Basically what we do here is create a memory device contexts based on the current display DC, then associate it with the destination memory bitmap. This enables us to use the fast StretchDIBits() API for doing arbitrary image scaling. Then we copy the RGB array from the destination bitmap structure into the destination buffer and delete the destination bitmap.

void Resize( PBYTE pSrc, DWORD dwSrcWidth, DWORD dwSrcHeight, PBYTE pDst, DWORD dwDstWidth, DWORD dwDstHeight )
{
    HDC hDC = GetDC( NULL );
    HDC hDstDC = CreateCompatibleDC( hDC );
 
    BITMAPINFO bi_dst;
    ZeroMemory( &bi_dst, sizeof( bi_dst ) );
    bi_dst.bmiHeader.biSize = sizeof( bi_dst.bmiHeader );
    bi_dst.bmiHeader.biWidth = dwDstWidth;
    bi_dst.bmiHeader.biHeight = dwDstHeight;
    bi_dst.bmiHeader.biPlanes = 1;
    bi_dst.bmiHeader.biBitCount = 24;
    bi_dst.bmiHeader.biCompression = BI_RGB;
 
    PVOID bits;
    HBITMAP hDstBm = CreateDIBSection( NULL, &bi_dst, DIB_RGB_COLORS, &bits, NULL, 0 );
    SelectObject( hDstDC, hDstBm );
 
    BITMAPINFO bi_src;
    ZeroMemory( &bi_src, sizeof( bi_src ) );
    bi_src.bmiHeader.biSize = sizeof( bi_src.bmiHeader );
    bi_src.bmiHeader.biWidth = dwSrcWidth;
    bi_src.bmiHeader.biHeight = dwSrcHeight;
    bi_src.bmiHeader.biPlanes = 1;
    bi_src.bmiHeader.biBitCount = 24;
    bi_src.bmiHeader.biCompression = BI_RGB;    
 
    SetStretchBltMode( hDstDC, HALFTONE );
    StretchDIBits( hDstDC, 0, 0, dwDstWidth, dwDstHeight, 0, 0, dwSrcWidth, dwSrcHeight, pSrc, &bi_src, DIB_RGB_COLORS, SRCCOPY );
 
    CopyMemory( pDst, bits, dwDstWidth * dwDstHeight * 3 );
 
    DeleteObject( hDstBm );
    DeleteDC( hDstDC );
    ReleaseDC( NULL, hDC );
}

For creating a device independent bitmap, we use the CreateDIBSection() API. This will allocate an RGB (or better BGR) buffer which will be automatically freed when calling DeleteObject().

This code cannot replace any image processing library.
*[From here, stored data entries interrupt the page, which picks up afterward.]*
(* Consider an execution of Algorithm msu1 on a CNF formula $\varphi$, and let $j\ge 1$. At the $j$-th call of the SAT oracle, either the working formula $\varphi_W$ is unsatisfiable, or every satisfying assignment of $\varphi_W$ assigns value 1 to exactly $j-1$ blocking variables.
   Context: Algorithm msu1 (Fu and Malik). Input: a CNF formula $\varphi$ (a finite set of clauses). All clauses of $\varphi$ are tagged non-auxiliary. The working formula is initialised to $\varphi_W:=\varphi$. Each iteration calls a SAT oracle on $\varphi_W$; the $j$-th such call is iteration $j$. If $\varphi_W$ is unsatisfiable, the oracle returns an unsatisfiable core $\varphi_C\subseteq\varphi_W$, i.e. a subset of the clauses of $\varphi_W$ that is itself unsatisfiable. Then, for each non-auxiliary clause $\omega\in\varphi_C$, a fresh variable $b$ (a blocking variable) is created and $\omega$ is replaced in $\varphi_W$ by $\omega\vee b$. The new clause is tagged non-auxiliary, and $b$ is associated with the original clause from which $\omega$ descends. Let $BV$ be the set of blocking variables created in this iteration. A CNF encoding of $\sum_{b\in BV} b=1$ is added to $\varphi_W$; its clauses are tagged auxiliary. This encoding may use additional auxiliary variables; an assignment to $BV$ extends to a satisfying assignment of the encoding iff exactly one variable of $BV$ is true. If $\varphi_W$ is satisfiable, the algorithm stops and returns $|\varphi|-\nu$, where $\nu$ is the number of blocking variables assigned value 1. *)

theory Defs
  imports Main
begin

datatype 'v lit = Pos 'v | Neg 'v

type_synonym 'v clause = "'v lit set"
type_synonym 'v assignment = "'v \<Rightarrow> bool"

(* a tagged clause: (clause, is_auxiliary) *)
type_synonym 'v tclause = "'v clause \<times> bool"

fun lit_var :: "'v lit \<Rightarrow> 'v" where
  "lit_var (Pos v) = v" | "lit_var (Neg v) = v"

fun lit_sat :: "'v assignment \<Rightarrow> 'v lit \<Rightarrow> bool" where
  "lit_sat \<sigma> (Pos v) = \<sigma> v" | "lit_sat \<sigma> (Neg v) = (\<not> \<sigma> v)"

definition clause_sat :: "'v assignment \<Rightarrow> 'v clause \<Rightarrow> bool" where
  "clause_sat \<sigma> c \<longleftrightarrow> (\<exists>l\<in>c. lit_sat \<sigma> l)"

definition cnf_sat :: "'v assignment \<Rightarrow> 'v clause set \<Rightarrow> bool" where
  "cnf_sat \<sigma> F \<longleftrightarrow> (\<forall>c\<in>F. clause_sat \<sigma> c)"

definition satisfiable :: "'v clause set \<Rightarrow> bool" where
  "satisfiable F \<longleftrightarrow> (\<exists>\<sigma>. cnf_sat \<sigma> F)"

definition clause_vars :: "'v clause set \<Rightarrow> 'v set" where
  "clause_vars F = (\<Union>c\<in>F. lit_var ` c)"

definition exactly_one_encoding :: "'v clause set \<Rightarrow> 'v set \<Rightarrow> bool" where
  "exactly_one_encoding E BV \<longleftrightarrow> finite E \<and> (\<forall>c\<in>E. finite c) \<and>
     (\<forall>\<sigma>. (\<exists>\<tau>. (\<forall>b\<in>BV. \<tau> b = \<sigma> b) \<and> cnf_sat \<tau> E) \<longleftrightarrow> card {b\<in>BV. \<sigma> b} = 1)"

(* one iteration of msu1 after an unsatisfiable oracle call.
   State: (working formula as a set of tagged clauses, set of all blocking variables so far). *)
definition msu1_step :: "('v tclause set \<times> 'v set) \<Rightarrow> ('v tclause set \<times> 'v set) \<Rightarrow> bool" where
  "msu1_step s s' \<longleftrightarrow> (\<exists>C f E.
     let W = fst s; B = snd s; N = {c\<in>C. \<not> snd c}; BV = f ` N in
     C \<subseteq> W \<and> \<not> satisfiable (fst ` C) \<and>
     inj_on f N \<and> BV \<inter> clause_vars (fst ` W) = {} \<and>
     exactly_one_encoding E BV \<and>
     s' = ((W - N) \<union> {(insert (Pos (f c)) (fst c), False) | c. c \<in> N} \<union> {(e, True) | e. e \<in> E},
           B \<union> BV))"

(* msu1_iter phi j s : s is the state (working formula, blocking variables) at the j-th oracle call *)
inductive msu1_iter :: "'v clause set \<Rightarrow> nat \<Rightarrow> ('v tclause set \<times> 'v set) \<Rightarrow> bool"
  for \<phi> :: "'v clause set" where
  init: "msu1_iter \<phi> 1 ({(c, False) | c. c \<in> \<phi>}, {})"
| step: "msu1_iter \<phi> j s \<Longrightarrow> \<not> satisfiable (fst ` fst s) \<Longrightarrow> msu1_step s s'
          \<Longrightarrow> msu1_iter \<phi> (Suc j) s'"

end

theory Submission
  imports Defs "HOL-Library.Disjoint_Sets"
begin

(* After j-1 unsatisfiable oracle calls, the working formula contains the
   auxiliary clauses of j-1 exactly-one encodings E_0, ..., E_(j-2), over blocking-variable
   sets BV_0, ..., BV_(j-2) whose union is the set of all blocking variables.  These sets
   are pairwise disjoint: every variable of BV_k occurs in E_k (an encoding that does not
   mention a variable cannot constrain it), hence in the working formula, while the
   blocking variables created later are fresh for that formula.  A model of the working
   formula satisfies every E_k, so it sets exactly one variable of each BV_k, and by
   disjointness exactly j-1 blocking variables altogether. *)

lemma lit_sat_update_other:
  "lit_var l \<noteq> b \<Longrightarrow> lit_sat (\<sigma>(b := v)) l = lit_sat \<sigma> l"
  by (cases l) auto

lemma cnf_sat_update_unused:
  "b \<notin> clause_vars F \<Longrightarrow> cnf_sat (\<sigma>(b := v)) F = cnf_sat \<sigma> F"
  unfolding cnf_sat_def clause_sat_def clause_vars_def
  by (metis (no_types, lifting) UN_I image_eqI lit_sat_update_other)

lemma clause_vars_mono: "F \<subseteq> G \<Longrightarrow> clause_vars F \<subseteq> clause_vars G"
  unfolding clause_vars_def by auto

lemma exactly_one_encoding_model:
  "exactly_one_encoding E BV \<Longrightarrow> cnf_sat \<sigma> E \<Longrightarrow> card {b\<in>BV. \<sigma> b} = 1"
  unfolding exactly_one_encoding_def by blast

(* An encoding of "exactly one of BV" must mention each variable of BV: otherwise a model
   setting only that variable could be modified to set no variable of BV at all. *)
lemma exactly_one_encoding_vars:
  assumes enc: "exactly_one_encoding E BV"
  shows "BV \<subseteq> clause_vars E"
proof
  fix b assume b: "b \<in> BV"
  show "b \<in> clause_vars E"
  proof (rule ccontr)
    assume unused: "b \<notin> clause_vars E"
    have extends: "(\<exists>\<tau>. (\<forall>x\<in>BV. \<tau> x = (x = b)) \<and> cnf_sat \<tau> E) \<longleftrightarrow>
        card {x\<in>BV. x = b} = 1"
      using enc unfolding exactly_one_encoding_def by simp
    have "{x\<in>BV. x = b} = {b}"
      using b by auto
    then obtain \<tau> where agree: "\<forall>x\<in>BV. \<tau> x = (x = b)" and sat: "cnf_sat \<tau> E"
      using extends by auto
    have "cnf_sat (\<tau>(b := False)) E"
      using sat cnf_sat_update_unused[OF unused] by simp
    then have "card {x\<in>BV. (\<tau>(b := False)) x} = 1"
      using enc exactly_one_encoding_model by blast
    moreover have "{x\<in>BV. (\<tau>(b := False)) x} = {}"
      using agree by auto
    ultimately show False
      by (metis card.empty zero_neq_one)
  qed
qed

lemma card_true_in_disjoint_union:
  assumes disj: "disjoint_family_on A {..<n}"
    and one: "\<And>k. k < n \<Longrightarrow> card {x\<in>A k. P x} = 1"
  shows "card {x\<in>(\<Union>k<n. A k). P x} = n"
proof -
  have "{x\<in>(\<Union>k<n. A k). P x} = (\<Union>k<n. {x\<in>A k. P x})"
    by auto
  also have "card \<dots> = (\<Sum>k<n. card {x\<in>A k. P x})"
  proof (rule card_UN_disjoint')
    show "disjoint_family_on (\<lambda>k. {x\<in>A k. P x}) {..<n}"
      using disj by (rule disjoint_family_on_bisimulation) auto
    show "finite {x\<in>A k. P x}" if "k \<in> {..<n}" for k
      using one[of k] that by (auto intro: card_ge_0_finite)
  qed simp
  also have "\<dots> = n"
    using one by simp
  finally show ?thesis .
qed

definition msu1_inv :: "nat \<Rightarrow> 'v tclause set \<Rightarrow> 'v set \<Rightarrow> bool" where
  "msu1_inv n W B \<longleftrightarrow> (\<exists>Es BVs.
     (\<forall>k<n. exactly_one_encoding (Es k) (BVs k) \<and> (\<forall>e\<in>Es k. (e, True) \<in> W)) \<and>
     disjoint_family_on BVs {..<n} \<and> B = (\<Union>k<n. BVs k))"

lemma msu1_step_properties:
  assumes "msu1_step (W, B) (W', B')"
  obtains E BV where "exactly_one_encoding E BV" and "BV \<inter> clause_vars (fst ` W) = {}"
    and "\<forall>e\<in>E. (e, True) \<in> W'" and "\<forall>e. (e, True) \<in> W \<longrightarrow> (e, True) \<in> W'"
    and "B' = B \<union> BV"
  using assms unfolding msu1_step_def Let_def by fastforce

(* The invariant is preserved: the new blocking variables are disjoint from the old ones,
   because each old set BV_k occurs in its encoding, which is part of W. *)
lemma msu1_inv_step:
  assumes inv: "msu1_inv n W B" and step: "msu1_step (W, B) (W', B')"
  shows "msu1_inv (Suc n) W' B'"
proof -
  obtain Es BVs where
    encs: "\<forall>k<n. exactly_one_encoding (Es k) (BVs k) \<and> (\<forall>e\<in>Es k. (e, True) \<in> W)"
    and disj: "disjoint_family_on BVs {..<n}" and B: "B = (\<Union>k<n. BVs k)"
    using inv unfolding msu1_inv_def by blast
  obtain E BV where enc: "exactly_one_encoding E BV"
    and fresh: "BV \<inter> clause_vars (fst ` W) = {}"
    and new_aux: "\<forall>e\<in>E. (e, True) \<in> W'" and old_aux: "\<forall>e. (e, True) \<in> W \<longrightarrow> (e, True) \<in> W'"
    and B': "B' = B \<union> BV"
    using msu1_step_properties[OF step] by blast
  have old_vars: "BVs k \<subseteq> clause_vars (fst ` W)" if "k < n" for k
  proof -
    have "BVs k \<subseteq> clause_vars (Es k)"
      using encs that exactly_one_encoding_vars by blast
    also have "\<dots> \<subseteq> clause_vars (fst ` W)"
      using encs that by (intro clause_vars_mono) force
    finally show ?thesis .
  qed
  let ?Es = "Es(n := E)" and ?BVs = "BVs(n := BV)"
  have "\<forall>k<Suc n. exactly_one_encoding (?Es k) (?BVs k) \<and> (\<forall>e\<in>?Es k. (e, True) \<in> W')"
    using encs enc new_aux old_aux by (auto simp: less_Suc_eq)
  moreover have "disjoint_family_on ?BVs {..<Suc n}"
  proof -
    have "BV \<inter> (\<Union>k<n. BVs k) = {}"
      using fresh old_vars by blast
    moreover have "disjoint_family_on ?BVs {..<n}"
      using disj by (rule disjoint_family_on_bisimulation) auto
    ultimately show ?thesis
      by (simp add: lessThan_Suc disjoint_family_on_insert)
  qed
  moreover have "B' = (\<Union>k<Suc n. ?BVs k)"
    using B B' by (auto simp: lessThan_Suc)
  ultimately show ?thesis
    unfolding msu1_inv_def by blast
qed

lemma msu1_iter_pos: "msu1_iter \<phi> j s \<Longrightarrow> j \<ge> 1"
  by (induction rule: msu1_iter.induct) auto

lemma msu1_iter_inv: "msu1_iter \<phi> j (W, B) \<Longrightarrow> msu1_inv (j - 1) W B"
proof (induction j "(W, B)" arbitrary: W B rule: msu1_iter.induct)
  case init
  then show ?case
    unfolding msu1_inv_def disjoint_family_on_def by auto
next
  case (step j s W B)
  then have "msu1_inv (Suc (j - 1)) W B"
    using msu1_inv_step[of "j - 1" "fst s" "snd s"] by simp
  then show ?case
    using msu1_iter_pos[OF step.hyps(1)] by simp
qed

theorem proposition2:
  fixes \<phi> :: "'v clause set" and W :: "'v tclause set" and B :: "'v set"
  assumes "finite \<phi>" and "\<forall>c\<in>\<phi>. finite c"
    and "j \<ge> 1"
    and "msu1_iter \<phi> j (W, B)"
  shows "\<not> satisfiable (fst ` W) \<or>
         (\<forall>\<sigma>. cnf_sat \<sigma> (fst ` W) \<longrightarrow> card {b\<in>B. \<sigma> b} = j - 1)"
proof -
  obtain Es BVs where
    encs: "\<forall>k<j-1. exactly_one_encoding (Es k) (BVs k) \<and> (\<forall>e\<in>Es k. (e, True) \<in> W)"
    and disj: "disjoint_family_on BVs {..<j-1}" and B: "B = (\<Union>k<j-1. BVs k)"
    using msu1_iter_inv[OF assms(4)] unfolding msu1_inv_def by blast
  have "card {b\<in>B. \<sigma> b} = j - 1" if sat: "cnf_sat \<sigma> (fst ` W)" for \<sigma>
  proof -
    have "cnf_sat \<sigma> (Es k)" if "k < j - 1" for k
      using sat encs that unfolding cnf_sat_def by force
    then have "card {b\<in>BVs k. \<sigma> b} = 1" if "k < j - 1" for k
      using encs that exactly_one_encoding_model by blast
    then show ?thesis
      unfolding B using card_true_in_disjoint_union[OF disj] by blast
  qed
  then show ?thesis
    by blast
qed

end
Yet it is a working solution that simply resizes data in an RGB buffer. Depending on your graphics driver, there might be some restrictions regarding maximum image size to resize from/to and if your display DC supports less than 24 bit colors. On my integrated graphics chipset (Radeon Express) I am getting good results however. Images of all sizes can be enlarged and reduced, the only apparent limit being the amount of RAM needed to hold the data.

If the graphics driver supports hardware acceleration, there is a remarkable speedup when resizing. Evidence suggests that 2D hardware acceleration is only available up to Windows XP and most likely Windows 7, which would be just another reason for not getting Windows Vista ;-) .

There are several free and open source libraries available for resizing images. Although using them in your own code might be quite simple, many of them will come with a bigger memory and code footprint than necessary, especially when you only want to do some resizing or simple drawing. When developing commercial software, one would also have to think about licensing issues.